What about unconscious bias? I have conscious bias. I like some people and dislike others. Quite normal. I was introduced to a Muslim married couple while walking along the Thames towpath. I shook his hand, I think he was a doctor, and reached out to shake the wife’s hand.

She left my hand hanging in her mid-air. She literally refused to engage. I don’t know anything about Islam, so had no idea that a woman is not supposed to be touched by another man, even if it’s a handshake. I thought her reaction medieval and since then have had a conscious bias against Islam.
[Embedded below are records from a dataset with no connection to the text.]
lemma
  fixes u v :: "real \<Rightarrow> real"
  assumes u: "in_L2_01 u" and v: "set_borel_measurable lebesgue {0..1} v"
    and v_le: "\<And>x. x \<in> {0..1} \<Longrightarrow> \<bar>v x\<bar> \<le> C"
  shows in_L2_01_mult_bounded: "in_L2_01 (\<lambda>x. u x * v x)"
    and L2norm01_mult_bounded_le: "L2norm01 (\<lambda>x. u x * v x) \<le> C * L2norm01 u"
proof -
  have [measurable]: "(\<lambda>x. indicator {0..1} x * u x) \<in> borel_measurable lebesgue"
    "(\<lambda>x. indicator {0..1} x * v x) \<in> borel_measurable lebesgue"
    and u2: "integrable lebesgue (\<lambda>x. indicator {0..1} x * (u x)\<^sup>2)"
    using u v by (simp_all add: in_L2_01_def set_borel_measurable_def set_integrable_def)
  have C: "0 \<le> C"
    using v_le[of 0] by simp
  have v2_le: "(indicator {0..1} x * v x)\<^sup>2 \<le> C\<^sup>2" for x
    using v_le[of x] C by (cases "x \<in> {0..1}") (auto simp: abs_le_square_iff[symmetric])
  have uv: "indicator {0..1} x * (u x * v x)
      = indicator {0..1} x * u x * (indicator {0..1} x * v x)"
    and uv2: "indicator {0..1} x * (u x * v x)\<^sup>2
      = indicator {0..1} x * (u x)\<^sup>2 * (indicator {0..1} x * v x)\<^sup>2" for x
    by (simp_all add: indicator_def power2_eq_square)
  have uv2_integrable: "integrable lebesgue (\<lambda>x. indicator {0..1} x * (u x * v x)\<^sup>2)"
    unfolding uv2 by (rule integrable_mult_bounded[OF u2]) (use v2_le in simp_all)
  moreover have "(\<lambda>x. indicator {0..1} x * (u x * v x)) \<in> borel_measurable lebesgue"
    unfolding uv by measurable
  ultimately show "in_L2_01 (\<lambda>x. u x * v x)"
    by (simp add: in_L2_01_def set_borel_measurable_def set_integrable_def)
  have "(LINT x:{0..1}|lebesgue. (u x * v x)\<^sup>2)
      = (\<integral>x. indicator {0..1} x * (u x * v x)\<^sup>2 \<partial>lebesgue)"
    by (simp add: set_lebesgue_integral_def)
  also have "\<dots> \<le> (\<integral>x. indicator {0..1} x * (u x)\<^sup>2 * C\<^sup>2 \<partial>lebesgue)"
    using uv2_integrable u2 v2_le unfolding uv2 by (intro integral_mono mult_left_mono) simp_all
  also have "\<dots> = C\<^sup>2 * (LINT x:{0..1}|lebesgue. (u x)\<^sup>2)"
    by (simp add: set_lebesgue_integral_def)
  finally have "sqrt (LINT x:{0..1}|lebesgue. (u x * v x)\<^sup>2)
      \<le> sqrt (C\<^sup>2 * (LINT x:{0..1}|lebesgue. (u x)\<^sup>2))"
    by (rule real_sqrt_le_mono)
  then show "L2norm01 (\<lambda>x. u x * v x) \<le> C * L2norm01 u"
    using C by (simp add: L2norm01_def real_sqrt_mult)
qed

context
  fixes u a :: "real \<Rightarrow> real"
  assumes u: "set_borel_measurable lebesgue {0..1} u"
    and a: "integrable lborel a"
    and u_a: "AE x in lebesgue. indicator {0..1} x * u x = a x"
begin

lemma set_integral_eq_primitive:
  assumes h[measurable]: "h \<in> borel_measurable borel" and "x \<le> 1"
  shows "(LINT s:{0..x}|lebesgue. u s * h s) = primitive (\<lambda>s. a s * h s) x"
proof -
  have [measurable]: "a \<in> borel_measurable borel"
    using a by auto
  have [measurable]: "a \<in> borel_measurable lebesgue" "h \<in> borel_measurable lebesgue"
    "(indicator {0..x} :: real \<Rightarrow> real) \<in> borel_measurable lebesgue"
    by (auto intro: measurable_completion)
  have [measurable]: "(\<lambda>s. indicator {0..1} s * u s) \<in> borel_measurable lebesgue"
    using u by (simp add: set_borel_measurable_def)
  have "(LINT s:{0..x}|lebesgue. u s * h s)
      = (\<integral>s. indicator {0..x} s * (indicator {0..1} s * u s) * h s \<partial>lebesgue)"
    using \<open>x \<le> 1\<close> unfolding set_lebesgue_integral_def
    by (intro Bochner_Integration.integral_cong) (auto simp: indicator_def)
  also have "\<dots> = (\<integral>s. indicator {0..x} s * a s * h s \<partial>lebesgue)"
    using u_a by (intro integral_cong_AE) (auto elim!: eventually_mono)
  also have "\<dots> = primitive (\<lambda>s. a s * h s) x"
    by (simp add: integral_completion primitive_def mult.assoc)
  finally show ?thesis .
qed
lemma emeasure_patchwork_PiE:
  assumes A: "\<And>i. i \<in> {1..d} \<Longrightarrow> A i \<in> sets borel"
  shows "emeasure patchwork (PiE {1..d} A) = ennreal (\<Sum>c\<in>grid_cells. cell_box_mass c A)"
proof -
  interpret L: product_sigma_finite "\<lambda>_::nat. lborel :: real measure" by standard
  let ?lam = "PiM {1..d} (\<lambda>_. lborel :: real measure)"
  let ?S = "PiE {1..d} A"
  have S: "?S \<in> sets ?lam" using A by (intro sets_PiM_I_finite) auto
  have "emeasure patchwork ?S = (\<integral>\<^sup>+x. ennreal (patch_density x) * indicator ?S x \<partial>?lam)"
    unfolding patchwork_def using S by (intro emeasure_density) (auto simp: patch_density_def)
  also have "\<dots> = (\<integral>\<^sup>+x. ennreal (\<Sum>c\<in>grid_cells. 1 / cell_mass c ^ (d - 1) *
      indicator (PiE {1..d} (\<lambda>i. slot c i \<inter> A i)) x) \<partial>?lam)"
  proof (rule nn_integral_cong)
    fix x
    have "ennreal (patch_density x) * indicator ?S x = ennreal (patch_density x * indicator ?S x)"
      using patch_density_nonneg by (simp add: ennreal_mult' ennreal_indicator[symmetric])
    also have "patch_density x * indicator ?S x = (\<Sum>c\<in>grid_cells. 1 / cell_mass c ^ (d - 1) *
        indicator (PiE {1..d} (\<lambda>i. slot c i \<inter> A i)) x)"
      unfolding patch_density_def sum_distrib_right
      by (intro sum.cong) (auto simp: indicator_def PiE_def Pi_def)
    finally show "ennreal (patch_density x) * indicator ?S x = ennreal (\<Sum>c\<in>grid_cells.
        1 / cell_mass c ^ (d - 1) * indicator (PiE {1..d} (\<lambda>i. slot c i \<inter> A i)) x)" .
  qed
  also have "\<dots> = (\<Sum>c\<in>grid_cells. ennreal (1 / cell_mass c ^ (d - 1)) *
      emeasure ?lam (PiE {1..d} (\<lambda>i. slot c i \<inter> A i)))"
    using A by (intro nn_integral_sum_mult_indicator finite_grid_cells sets_PiM_I_finite)
      (auto intro!: divide_nonneg_nonneg zero_le_power cell_mass_nonneg)
  also have "\<dots> = (\<Sum>c\<in>grid_cells. ennreal (cell_box_mass c A))"
  proof (rule sum.cong[OF refl])
    fix c
    have "emeasure ?lam (PiE {1..d} (\<lambda>i. slot c i \<inter> A i)) =
        (\<Prod>i\<in>{1..d}. emeasure lborel (slot c i \<inter> A i))"
      using A by (intro L.emeasure_PiM) auto
    also have "\<dots> = (\<Prod>i\<in>{1..d}. ennreal (measure lborel (slot c i \<inter> A i)))"
      by (intro prod.cong refl emeasure_slot_Int)
    finally show "ennreal (1 / cell_mass c ^ (d - 1)) * emeasure ?lam (PiE {1..d} (\<lambda>i. slot c i \<inter> A i))
        = ennreal (cell_box_mass c A)"
      unfolding cell_box_mass_def
      by (simp add: prod_ennreal ennreal_mult'[symmetric] cell_mass_nonneg prod_nonneg)
  qed
  also have "\<dots> = ennreal (\<Sum>c\<in>grid_cells. cell_box_mass c A)"
    by (rule sum_ennreal) (rule cell_box_mass_nonneg)
  finally show ?thesis .
qed
definition pauli_combination :: "nat \<Rightarrow> nat set \<Rightarrow> ((nat \<Rightarrow> nat) \<Rightarrow> complex) \<Rightarrow> complex mat" where
  "pauli_combination n T a =
     mat (2 ^ n) (2 ^ n) (\<lambda>(r, c). \<Sum>p\<in>pauli_strings T. a p * pauli_op n 0 p $$ (r, c))"

lemma pauli_combination_carrier: "pauli_combination n T a \<in> carrier_mat (2 ^ n) (2 ^ n)"
  by (simp add: pauli_combination_def)

lemma index_pauli_combination:
  "r < 2 ^ n \<Longrightarrow> c < 2 ^ n \<Longrightarrow>
   pauli_combination n T a $$ (r, c) = (\<Sum>p\<in>pauli_strings T. a p * pauli_op n 0 p $$ (r, c))"
  by (simp add: pauli_combination_def)

lemma exists_pauli_combination:
  assumes "finite T" and "T \<subseteq> {..<n}" and "M \<in> carrier_mat (2 ^ n) (2 ^ n)"
    and "\<forall>j<n. j \<notin> T \<longrightarrow> acts_trivially_on n j M"
  shows "\<exists>a. M = pauli_combination n T a"
  using assms
proof (induction T arbitrary: M rule: finite_induct)
  case empty
  then have "M = M $$ (0, 0) \<cdot>\<^sub>m 1\<^sub>m (2 ^ n)"
    using acts_trivially_on_all_imp_scalar by auto
  also have "\<dots> = pauli_combination n {} (\<lambda>_. M $$ (0, 0))"
    by (intro eq_matI) (auto simp: pauli_combination_def pauli_strings_empty pauli_op_identity)
  finally show ?case by blast
next
  case (insert i T)
  have i: "i < n" and T: "T \<subseteq> {..<n}" using insert.prems by auto
  have "acts_trivially_on n j (qubit_component n M i k)" if "j < n" "j \<notin> T" for j k
    using insert.prems(3) i that
    by (cases "j = i") (auto simp: qubit_component_acts_trivially_on_self intro!: qubit_component_acts_trivially_on)
  then have "\<exists>a. qubit_component n M i k = pauli_combination n T a" for k
    by (intro insert.IH[OF T qubit_component_carrier]) auto
  then obtain a where a: "\<And>k. qubit_component n M i k = pauli_combination n T (a k)"
    by metis
  have pi: "p i = 0" if "p \<in> pauli_strings T" for p
    using that insert.hyps by (auto simp: pauli_strings_def)
  let ?b = "\<lambda>q. a (q i) (q(i := 0))"
  have "M $$ (r, c) = pauli_combination n (insert i T) ?b $$ (r, c)" if r: "r < 2 ^ n" and c: "c < 2 ^ n" for r c
  proof -
    have "M $$ (r, c) =
        (\<Sum>k<4. sigma k (bit r i) (bit c i) * pauli_combination n T (a k) $$ (unset_bit i r, unset_bit i c))"
      using qubit_component_expansion[OF r c, of M i] by (simp add: a)
    also have "\<dots> = (\<Sum>k<4. \<Sum>p\<in>pauli_strings T.
        a k p * (sigma k (bit r i) (bit c i) * pauli_op n 0 p $$ (unset_bit i r, unset_bit i c)))"
      by (simp add: index_pauli_combination r c unset_bit_less_power2 sum_distrib_left mult.left_commute)
    also have "\<dots> = (\<Sum>k<4. \<Sum>p\<in>pauli_strings T. ?b (p(i := k)) * pauli_op n 0 (p(i := k)) $$ (r, c))"
      by (intro sum.cong refl) (simp add: pauli_op_fun_upd[OF pi i r c] pi fun_upd_idem)
    also have "\<dots> = (\<Sum>(k, p)\<in>{..<4} \<times> pauli_strings T. ?b (p(i := k)) * pauli_op n 0 (p(i := k)) $$ (r, c))"
      by (simp add: sum.cartesian_product)
    also have "\<dots> = (\<Sum>q\<in>pauli_strings (insert i T). ?b q * pauli_op n 0 q $$ (r, c))"
      using sum.reindex_bij_betw[OF pauli_strings_insert[OF insert.hyps(2)],
          of "\<lambda>q. ?b q * pauli_op n 0 q $$ (r, c)"]
      by (simp add: case_prod_beta)
    finally show ?thesis
      by (simp add: index_pauli_combination r c)
  qed
  then have "M = pauli_combination n (insert i T) ?b"
    using insert.prems(2) by (intro eq_matI) (auto simp: pauli_combination_def)
  then show ?case by blast
qed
I could argue that Muslims should have lessons in common courtesy.

However, if I explained my thought process to my employer instead of being supported, I suspect I would receive a visit from some HR halfwit and invited to take a one-way trip down the company escalator.

The other word that received prominence in the diversity training of Hampshire officers was ‘’ally’’. Its meaning has been hijacked by minorities. The various gay communities are big on us being ‘’allies’’. We don’t need to be an ‘’ally’’ as all our families have LBGTQ+ relatives and we love them for who they are. I don’t need a pink cowboy hat and a whistle to stand up for members of my wider gay family.

If you go on Google, you will now see ‘’ally’ as described as someone who ‘’actively supports and advocates for a marginalised and underrepresented group they don’t belong to.’’ If you want to speak for minorities, you surely don’t have to go into a room at work and be lectured. You can make that decision in your own time.

So you can see why police officers in Hampshire felt so ‘’controlled and pressured by those DEI training courses so loved by their police force headed by Chief Constable Alexis Boon.

In a staff survey of officers, 15 per cent had felt ‘’controlled’’ to adopt certain ideas in the sessions, the same number thought ‘’mistakes would be held against me’’ and 20 per cent feared ‘’being rejected for saying the wrong thing’’. So perhaps inevitably, an innocent white youth, who had never done anything wrong in his life, dies with handcuffs on because officers thought an Asian guy couldn’t be lying, but a white boy must be.

I would sack Mr Boon immediately for giving a press conference saying there was no two-tier policing in his area when it's clear to me from the survey results that there must have been. I believe his statements suggest he doesn’t know his officers and hasn’t been properly listening to their fears and worries.

Get out of Hampshire, Mr Boon, and get back to London where your force's diversity policies will be welcome to Mayor Khan.